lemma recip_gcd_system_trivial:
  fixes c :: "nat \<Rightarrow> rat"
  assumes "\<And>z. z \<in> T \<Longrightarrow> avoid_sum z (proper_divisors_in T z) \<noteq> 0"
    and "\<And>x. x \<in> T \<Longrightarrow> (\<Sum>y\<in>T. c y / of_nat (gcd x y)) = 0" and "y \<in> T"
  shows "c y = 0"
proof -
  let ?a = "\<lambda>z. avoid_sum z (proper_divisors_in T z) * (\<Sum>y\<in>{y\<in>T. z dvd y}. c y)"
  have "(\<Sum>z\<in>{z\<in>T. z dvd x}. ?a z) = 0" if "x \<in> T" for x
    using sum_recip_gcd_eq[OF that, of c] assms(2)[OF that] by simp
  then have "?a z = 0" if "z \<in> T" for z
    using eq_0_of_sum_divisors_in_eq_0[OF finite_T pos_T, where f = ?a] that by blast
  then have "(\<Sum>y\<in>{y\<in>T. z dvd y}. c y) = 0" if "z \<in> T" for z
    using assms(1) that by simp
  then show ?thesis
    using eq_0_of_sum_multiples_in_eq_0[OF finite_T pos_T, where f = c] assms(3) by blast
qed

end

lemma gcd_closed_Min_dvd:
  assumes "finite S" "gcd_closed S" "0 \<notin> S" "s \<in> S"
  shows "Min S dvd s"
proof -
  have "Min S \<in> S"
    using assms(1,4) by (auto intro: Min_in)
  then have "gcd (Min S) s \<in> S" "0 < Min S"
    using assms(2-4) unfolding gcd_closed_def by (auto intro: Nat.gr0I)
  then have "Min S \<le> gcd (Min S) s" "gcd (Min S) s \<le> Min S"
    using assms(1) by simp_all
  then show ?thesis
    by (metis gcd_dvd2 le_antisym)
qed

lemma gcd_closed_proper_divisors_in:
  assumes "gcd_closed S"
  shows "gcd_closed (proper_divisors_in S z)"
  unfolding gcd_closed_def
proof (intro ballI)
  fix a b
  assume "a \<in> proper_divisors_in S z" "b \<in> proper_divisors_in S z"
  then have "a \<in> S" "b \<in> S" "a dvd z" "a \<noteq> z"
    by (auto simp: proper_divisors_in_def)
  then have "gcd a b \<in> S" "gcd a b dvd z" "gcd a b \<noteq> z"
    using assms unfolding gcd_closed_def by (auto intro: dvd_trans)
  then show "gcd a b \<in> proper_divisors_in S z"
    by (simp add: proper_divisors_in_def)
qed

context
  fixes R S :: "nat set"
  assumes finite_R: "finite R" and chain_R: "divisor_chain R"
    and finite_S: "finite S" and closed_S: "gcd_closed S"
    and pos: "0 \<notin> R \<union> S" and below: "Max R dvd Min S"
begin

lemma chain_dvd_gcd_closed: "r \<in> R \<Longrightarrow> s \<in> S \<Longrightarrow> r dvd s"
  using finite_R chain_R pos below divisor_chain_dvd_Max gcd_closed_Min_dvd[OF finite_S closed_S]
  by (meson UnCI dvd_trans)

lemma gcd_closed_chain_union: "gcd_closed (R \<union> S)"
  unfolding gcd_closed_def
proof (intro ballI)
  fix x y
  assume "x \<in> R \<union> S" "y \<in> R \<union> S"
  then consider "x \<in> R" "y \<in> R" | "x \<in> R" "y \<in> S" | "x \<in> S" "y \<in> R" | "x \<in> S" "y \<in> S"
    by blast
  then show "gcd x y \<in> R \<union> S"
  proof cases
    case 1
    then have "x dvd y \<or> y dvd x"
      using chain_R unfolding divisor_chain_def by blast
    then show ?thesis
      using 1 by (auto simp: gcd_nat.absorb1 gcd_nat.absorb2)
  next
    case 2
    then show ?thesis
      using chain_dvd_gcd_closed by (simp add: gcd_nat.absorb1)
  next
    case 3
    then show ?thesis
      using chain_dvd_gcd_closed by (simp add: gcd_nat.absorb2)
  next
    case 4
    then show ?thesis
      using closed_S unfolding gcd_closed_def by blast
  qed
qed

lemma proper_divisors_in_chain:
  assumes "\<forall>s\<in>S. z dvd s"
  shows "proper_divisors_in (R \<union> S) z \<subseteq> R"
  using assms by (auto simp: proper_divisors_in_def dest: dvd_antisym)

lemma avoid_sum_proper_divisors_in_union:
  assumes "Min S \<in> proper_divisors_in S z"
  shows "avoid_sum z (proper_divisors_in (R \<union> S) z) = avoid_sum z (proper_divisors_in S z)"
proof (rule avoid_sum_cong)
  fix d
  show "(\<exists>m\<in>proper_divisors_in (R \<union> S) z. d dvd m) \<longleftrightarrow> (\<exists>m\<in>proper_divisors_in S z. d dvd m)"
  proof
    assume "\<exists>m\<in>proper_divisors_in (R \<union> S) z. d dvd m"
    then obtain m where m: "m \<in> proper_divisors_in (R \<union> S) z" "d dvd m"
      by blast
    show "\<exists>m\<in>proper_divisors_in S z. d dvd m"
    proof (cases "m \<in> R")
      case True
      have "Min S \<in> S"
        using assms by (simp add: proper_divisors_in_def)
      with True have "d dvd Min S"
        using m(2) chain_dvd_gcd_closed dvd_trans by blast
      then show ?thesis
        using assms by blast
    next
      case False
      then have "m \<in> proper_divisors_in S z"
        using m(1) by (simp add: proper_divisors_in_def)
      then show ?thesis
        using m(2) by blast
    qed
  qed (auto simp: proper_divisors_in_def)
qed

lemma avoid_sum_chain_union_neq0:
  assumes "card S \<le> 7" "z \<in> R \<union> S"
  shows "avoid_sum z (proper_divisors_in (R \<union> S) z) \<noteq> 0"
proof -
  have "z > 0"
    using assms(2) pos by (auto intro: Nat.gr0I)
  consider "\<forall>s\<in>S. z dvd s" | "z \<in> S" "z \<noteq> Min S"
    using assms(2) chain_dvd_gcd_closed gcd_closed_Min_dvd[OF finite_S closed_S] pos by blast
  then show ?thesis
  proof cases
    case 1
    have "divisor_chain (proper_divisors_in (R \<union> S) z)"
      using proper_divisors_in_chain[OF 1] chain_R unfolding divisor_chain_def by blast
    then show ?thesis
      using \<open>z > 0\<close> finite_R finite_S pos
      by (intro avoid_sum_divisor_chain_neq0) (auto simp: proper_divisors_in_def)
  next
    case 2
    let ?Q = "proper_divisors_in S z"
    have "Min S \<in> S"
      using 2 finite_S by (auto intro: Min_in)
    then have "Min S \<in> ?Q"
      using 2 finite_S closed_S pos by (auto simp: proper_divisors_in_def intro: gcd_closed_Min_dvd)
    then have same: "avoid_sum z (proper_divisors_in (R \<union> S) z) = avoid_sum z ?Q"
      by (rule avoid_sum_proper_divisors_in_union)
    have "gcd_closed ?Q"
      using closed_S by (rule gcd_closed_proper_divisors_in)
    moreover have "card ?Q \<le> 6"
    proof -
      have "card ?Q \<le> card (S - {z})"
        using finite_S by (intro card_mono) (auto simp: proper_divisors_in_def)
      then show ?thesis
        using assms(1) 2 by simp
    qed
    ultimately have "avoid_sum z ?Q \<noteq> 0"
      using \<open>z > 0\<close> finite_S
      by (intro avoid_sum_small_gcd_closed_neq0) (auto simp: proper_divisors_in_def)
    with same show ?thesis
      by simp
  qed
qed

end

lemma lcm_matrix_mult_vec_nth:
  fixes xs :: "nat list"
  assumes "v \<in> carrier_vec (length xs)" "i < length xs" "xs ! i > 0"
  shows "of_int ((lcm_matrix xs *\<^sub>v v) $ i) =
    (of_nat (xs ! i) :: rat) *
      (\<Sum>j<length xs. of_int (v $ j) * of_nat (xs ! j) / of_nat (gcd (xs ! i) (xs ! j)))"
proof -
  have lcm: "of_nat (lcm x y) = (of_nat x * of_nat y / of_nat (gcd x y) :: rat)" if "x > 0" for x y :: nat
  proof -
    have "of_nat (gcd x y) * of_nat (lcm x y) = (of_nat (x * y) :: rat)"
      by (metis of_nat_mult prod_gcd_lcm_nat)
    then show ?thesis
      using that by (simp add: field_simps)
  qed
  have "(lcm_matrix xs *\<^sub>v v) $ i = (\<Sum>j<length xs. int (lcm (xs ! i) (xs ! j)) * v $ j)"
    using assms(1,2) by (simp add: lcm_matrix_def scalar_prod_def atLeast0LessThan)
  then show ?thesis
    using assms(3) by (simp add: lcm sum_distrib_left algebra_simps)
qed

ASSIGNMENT
In the entries above, how many lines hold the word "same"? State the number and nothing else.

REPLY
2